Sanitize documents using "Find & Replace" getting slower and slower
Steps to Reproduce:
1. Open the attached file
2. Disable the automatic spell checking if enabled
In the Search for field put "." (a single period)
In the Replace with field put "x"
Make sure Whole words only is unchecked
Click Other Options to expand the dialog, and make sure Regular expressions is checked
Click Replace All
5 seconds with LibO 22.214.171.124
12 seconds with LibO 126.96.36.199
20 seconds with LibO 188.8.131.52 (and dialog acts as if LibO won't react)
Difference between 5.2.5. and 184.108.40.206 might be Harfbuzz common layout
Something like 220.127.116.11 would be ideal. At least some improvement
User Profile Reset: No
Build ID: c0fdcece6b886912618deee9656cb2d169a9b999
CPU threads: 4; OS: Windows 6.3; UI render: default;
TinderBox: Win-x86@42, Branch:master, Time: 2018-08-12_00:35:45
Locale: en-US (nl_NL); Calc: CL
Build ID: 78223678b7513ffe46804cb08f2dc5bc899b2bab
CPU Threads: 4; OS Version: Windows 6.29; UI Render: default;
Locale: nl-NL (nl_NL); Calc: CL
but not in
Build ID: f3153a8b245191196a4b6b9abd1d0da16eead600
Created attachment 144181 [details]
Created attachment 144182 [details]
Created attachment 144200 [details]
Bisected to following range
Repro slowness 6.2 vs. 3.6.
Adding Cc: to Miklos Vajna
so he can comment on the blamed commit
At some point I tried to improve search so it finds strings not only in Writer text, but also in Writer shape texts. I guess it's probable that the slowness comes from that.
Seems the current situation is the worst of both worlds: replace all still doesn't replace strings from shape text, but already slows down replace all.

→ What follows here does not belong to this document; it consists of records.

(* For every integer $d\ge 2$, $\mathcal Q_d$ is an open subset of $\mathcal C_d$ (and hence of $\mathcal A_d$).
   Context: A polynomial knot is a map $\phi:\mathbb R\to\mathbb R^3$ with real polynomial components which is a smooth embedding ($\phi$ injective and $\phi'(t)\ne0$ for all $t$). For $d\ge2$, $\mathcal A_d$ is the set of polynomial maps $t\mapsto(f(t),g(t),h(t))$ with $\deg f\le d-2$, $\deg g\le d-1$, $\deg h\le d$, topologized via the bijection with Euclidean $\mathbb R^{3d}$ sending $(f,g,h)$ to its coefficient vector $(a_0,\dots,a_{d-2},b_0,\dots,b_{d-1},c_0,\dots,c_d)$, where $f=\sum a_it^i$, $g=\sum b_it^i$, $h=\sum c_it^i$. $\mathcal C_d\subseteq\mathcal A_d$ is the subspace of maps with $\deg f=d-2$, $\deg g=d-1$, $\deg h=d$ exactly, and $\mathcal Q_d$ is the set of polynomial knots in $\mathcal C_d$. *)

theory Defs
  imports "HOL-Analysis.Analysis"
begin

text \<open>The type carries the product topology (pointwise convergence of coefficients); on the
  set A d, where all but 3d coefficients vanish, this is the Euclidean topology of R^(3d).\<close>
type_synonym coeffs = "(nat \<Rightarrow> real) \<times> (nat \<Rightarrow> real) \<times> (nat \<Rightarrow> real)"

definition A_set :: "nat \<Rightarrow> coeffs set" where
  "A_set d = {(a, b, c). (\<forall>i>d - 2. a i = 0) \<and> (\<forall>i>d - 1. b i = 0) \<and> (\<forall>i>d. c i = 0)}"

definition C_set :: "nat \<Rightarrow> coeffs set" where
  "C_set d = {(a, b, c). (a, b, c) \<in> A_set d \<and> a (d - 2) \<noteq> 0 \<and> b (d - 1) \<noteq> 0 \<and> c d \<noteq> 0}"

definition polymap :: "nat \<Rightarrow> coeffs \<Rightarrow> real \<Rightarrow> real \<times> real \<times> real" where
  "polymap d p t = (case p of (a, b, c) \<Rightarrow>
     ((\<Sum>i\<le>d. a i * t ^ i), (\<Sum>i\<le>d. b i * t ^ i), (\<Sum>i\<le>d. c i * t ^ i)))"

definition poly_knot :: "(real \<Rightarrow> real \<times> real \<times> real) \<Rightarrow> bool" where
  "poly_knot \<phi> \<longleftrightarrow> inj \<phi> \<and> (\<forall>t. \<phi> differentiable (at t) \<and> vector_derivative \<phi> (at t) \<noteq> 0)"

definition Q_set :: "nat \<Rightarrow> coeffs set" where
  "Q_set d = {p \<in> C_set d. poly_knot (polymap d p)}"

end

theory Submission
  imports Defs
begin

text \<open>
  For a polynomial map \<open>\<phi>\<close>, the divided difference \<open>(\<phi> s - \<phi> t) / (s - t)\<close>, extended by \<open>\<phi>' t\<close>
  on the diagonal, is a polynomial secant map in \<open>(s, t)\<close>, linear in the coefficients of \<open>\<phi>\<close>;
  \<open>\<phi>\<close> is a polynomial knot iff its secant map never vanishes. One of the degrees \<open>d - 1\<close>, \<open>d\<close>
  is odd, and for odd \<open>n\<close> the divided difference of \<open>t ^ n\<close> is at least
  \<open>max \<bar>s\<bar> \<bar>t\<bar> ^ (n - 1) / 2\<close>; hence that component of the secant map is nonzero outside a
  large square, uniformly for all nearby coefficients. On the compact square the secant map of
  a knot is bounded away from zero, and it moves uniformly little with the coefficients.
\<close>

definition pow_diff_quot :: "nat \<Rightarrow> real \<Rightarrow> real \<Rightarrow> real" where
  "pow_diff_quot n s t = (\<Sum>j<n. t ^ (n - Suc j) * s ^ j)"

lemma power_diff_eq_pow_diff_quot: "s ^ n - t ^ n = (s - t) * pow_diff_quot n s t"
  unfolding pow_diff_quot_def by (rule power_diff_sumr2)

lemma pow_diff_quot_diag: "pow_diff_quot n t t = of_nat n * t ^ (n - 1)"
proof -
  have "t ^ (n - Suc j) * t ^ j = t ^ (n - 1)" if "j < n" for j
    using that by (simp flip: power_add)
  then show ?thesis unfolding pow_diff_quot_def by simp
qed

lemma abs_pow_diff_quot_le: "\<bar>pow_diff_quot n s t\<bar> \<le> of_nat n * max \<bar>s\<bar> \<bar>t\<bar> ^ (n - 1)"
proof -
  let ?M = "max \<bar>s\<bar> \<bar>t\<bar>"
  have "\<bar>t ^ (n - Suc j) * s ^ j\<bar> \<le> ?M ^ (n - 1)" if "j < n" for j
  proof -
    have "\<bar>t ^ (n - Suc j) * s ^ j\<bar> = \<bar>t\<bar> ^ (n - Suc j) * \<bar>s\<bar> ^ j"
      by (simp add: abs_mult power_abs)
    also have "\<dots> \<le> ?M ^ (n - Suc j) * ?M ^ j"
      by (intro mult_mono power_mono) auto
    also have "\<dots> = ?M ^ (n - 1)"
      using that by (simp flip: power_add)
    finally show ?thesis .
  qed
  then have "(\<Sum>j<n. \<bar>t ^ (n - Suc j) * s ^ j\<bar>) \<le> of_nat n * ?M ^ (n - 1)"
    using sum_mono[of "{..<n}" _ "\<lambda>_. ?M ^ (n - 1)"] by simp
  with sum_abs show ?thesis
    unfolding pow_diff_quot_def by (rule order_trans)
qed

lemma pow_diff_quot_nonneg_odd:
  assumes "odd n"
  shows "0 \<le> pow_diff_quot n s t"
proof (cases s t rule: linorder_cases)
  case less
  then have "0 \<le> t ^ n - s ^ n" using power_mono_odd[OF assms, of s t] by simp
  moreover have "t ^ n - s ^ n = (t - s) * pow_diff_quot n s t"
    using power_diff_eq_pow_diff_quot[of s n t] by (simp add: algebra_simps)
  ultimately show ?thesis using less by (simp add: zero_le_mult_iff)
next
  case greater
  then have "0 \<le> s ^ n - t ^ n" using power_mono_odd[OF assms, of t s] by simp
  then show ?thesis using greater by (simp add: power_diff_eq_pow_diff_quot zero_le_mult_iff)
next
  case equal
  then show ?thesis using assms by (simp add: pow_diff_quot_diag zero_le_power_eq)
qed

lemma pow_diff_quot_minus: "pow_diff_quot n (- s) (- t) = (- 1) ^ (n - 1) * pow_diff_quot n s t"
proof -
  have "(- t) ^ (n - Suc j) * (- s) ^ j = (- 1) ^ (n - 1) * (t ^ (n - Suc j) * s ^ j)" if "j < n" for j
  proof -
    have "(- t) ^ (n - Suc j) * (- s) ^ j = ((- 1) ^ (n - Suc j) * (- 1) ^ j) * (t ^ (n - Suc j) * s ^ j)"
      by (simp only: power_minus[of t] power_minus[of s] mult_ac)
    also have "(- 1) ^ (n - Suc j) * (- 1) ^ j = ((- 1) ^ (n - 1) :: real)"
      using that by (simp flip: power_add)
    finally show ?thesis .
  qed
  then show ?thesis unfolding pow_diff_quot_def by (simp add: sum_distrib_left)
qed

lemma pow_diff_quot_ge_nonneg:
  assumes "0 < n" "0 \<le> s" "0 \<le> t"
  shows "max s t ^ (n - 1) \<le> pow_diff_quot n s t"
proof -
  have terms: "0 \<le> t ^ (n - Suc j) * s ^ j" for j
    using assms by simp
  have "t ^ (n - Suc 0) * s ^ 0 \<le> pow_diff_quot n s t" "t ^ (n - Suc (n - 1)) * s ^ (n - 1) \<le> pow_diff_quot n s t"
    unfolding pow_diff_quot_def using assms(1) by (intro member_le_sum terms; simp)+
  then show ?thesis using assms(1) by (simp add: max_def)
qed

Getting back the old performance or being more correct (include shape text when you do replace-all) would be good.
I had a look at this: just reverting the above mentioned commit doesn't change anything. I get why it doesn't help: the commit changes how documents containing shapes behave and the bugdoc doesn't have shapes.

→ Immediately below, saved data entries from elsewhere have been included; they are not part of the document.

(* Let $P=\{(x,y)\in\mathbb{R}^{p+q}: Ax+Gy\le b\}$ be a rational polyhedron and let $\alpha x+\beta y\le\gamma$ (with $\alpha\in\mathbb{Q}^p$, $\beta\in\mathbb{Q}^q$ row vectors, $\gamma\in\mathbb{Q}$) be a cutting plane for $P$, i.e. an inequality that is valid for $P_I$ but not valid for $P$. Then there is a natural number $k\ge 2$ such that $\alpha x+\beta y\le\gamma$ is a $k$-disjunctive cut for $P$.
   Context: Notation: $A\in\mathbb{Q}^{m\times p}$, $G\in\mathbb{Q}^{m\times q}$, $b\in\mathbb{Q}^m$; $P_I=\mathrm{conv}\{(x,y)\in P: x\in\mathbb{Z}^p\}$ is the mixed integer hull. A $k$-disjunction ($k\ge 2$) is a family of $k$ inequalities $d^1x\le\delta^1,\dots,d^kx\le\delta^k$ with $d^i\in\mathbb{Z}^p$ (row vectors, not necessarily distinct) and $\delta^i\in\mathbb{Z}$ such that every $x\in\mathbb{Z}^p$ satisfies $d^ix\le\delta^i$ for at least one $i$. For a closed convex set $C\subseteq\mathbb{R}^{p+q}$, an inequality $\alpha x+\beta y\le\gamma$ is a $k$-disjunctive cut for $C$ if it is not valid for $C$ and there is a $k$-disjunction such that every $(x,y)\in C$ with $\alpha x+\beta y>\gamma$ satisfies $d^ix>\delta^i$ for all $i=1,\dots,k$. *)

theory Defs
  imports "HOL-Analysis.Analysis"
begin

text \<open>Mixed integer setting: x ranges over real^'p (integer-constrained part),
  y over real^'q (continuous part); constraints indexed by 'm.
  A row vector alpha applied to x is the inner product alpha \<bullet> x.\<close>

definition polyhedron ::
  "real^'p^'m \<Rightarrow> real^'q^'m \<Rightarrow> real^'m \<Rightarrow> ((real^'p) \<times> (real^'q)) set" where
  "polyhedron A G b = {(x, y). \<forall>i. (A *v x) $ i + (G *v y) $ i \<le> b $ i}"

definition int_vec :: "real^'n \<Rightarrow> bool" where
  "int_vec x \<longleftrightarrow> (\<forall>j. x $ j \<in> \<int>)"

definition rat_vec :: "real^'n \<Rightarrow> bool" where
  "rat_vec x \<longleftrightarrow> (\<forall>j. x $ j \<in> \<rat>)"

definition rat_mat :: "real^'n^'m \<Rightarrow> bool" where
  "rat_mat A \<longleftrightarrow> (\<forall>i j. A $ i $ j \<in> \<rat>)"

definition mixed_integer_hull ::
  "((real^'p) \<times> (real^'q)) set \<Rightarrow> ((real^'p) \<times> (real^'q)) set" where
  "mixed_integer_hull P = convex hull {(x, y) \<in> P. int_vec x}"

definition valid_ineq ::
  "((real^'p) \<times> (real^'q)) set \<Rightarrow> real^'p \<Rightarrow> real^'q \<Rightarrow> real \<Rightarrow> bool" where
  "valid_ineq C \<alpha> \<beta> \<gamma> \<longleftrightarrow> (\<forall>(x, y) \<in> C. \<alpha> \<bullet> x + \<beta> \<bullet> y \<le> \<gamma>)"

I also profiled this: SvxSearchDialog::CommandHdl_Impl() in svx is the UI code, you can measure the cost of ExecuteSynchron():
- 97% is spent in SwFindParaText::DoFind() (OK)
- 55% of that is sw::ReplaceImpl
- 40% of that is sw::FindTextImpl
- here 20% is the SvxSearchItem ctor, which is already moved out of the loop for perf reasons
- 18% is DoSearch
So in short, nothing obviously stupid. According to the above numbers, it indeed smells like a regression, but I doubt it's from the above commit.
A flame graph would nice. And maybe retry of the bibisect on Linux; the range isn't to helpful, I guess
Looks bit like a Noel type of perf bug.. or I'm a bit to optimistic :-)
For me, it is 5,62 seconds with the last commit in Linux 50max and 10,54 in the first commit.
I don't know what I should bibisect :( I don't have newer repos than 50max on Linux.
Miklos already profiled this in comment 6, so no need for me to do anything.
Created attachment 151247 [details]
Flame Graph Win
Build ID: 128145e227ef91fb2f23893e73d38ae72cf074e5
CPU threads: 2; OS: Windows 6.3; UI render: default; VCL: win;
Locale: nl-NL (nl_NL); UI-Language: en-US
Another suggestion to make find & replace even worse:
Enabled change tracking and turn show changes on before running find & replace (bug 121618 comment 6)
Forgot to change from regression to implementation error when I commented that the problem did not start at the bisected commit after all.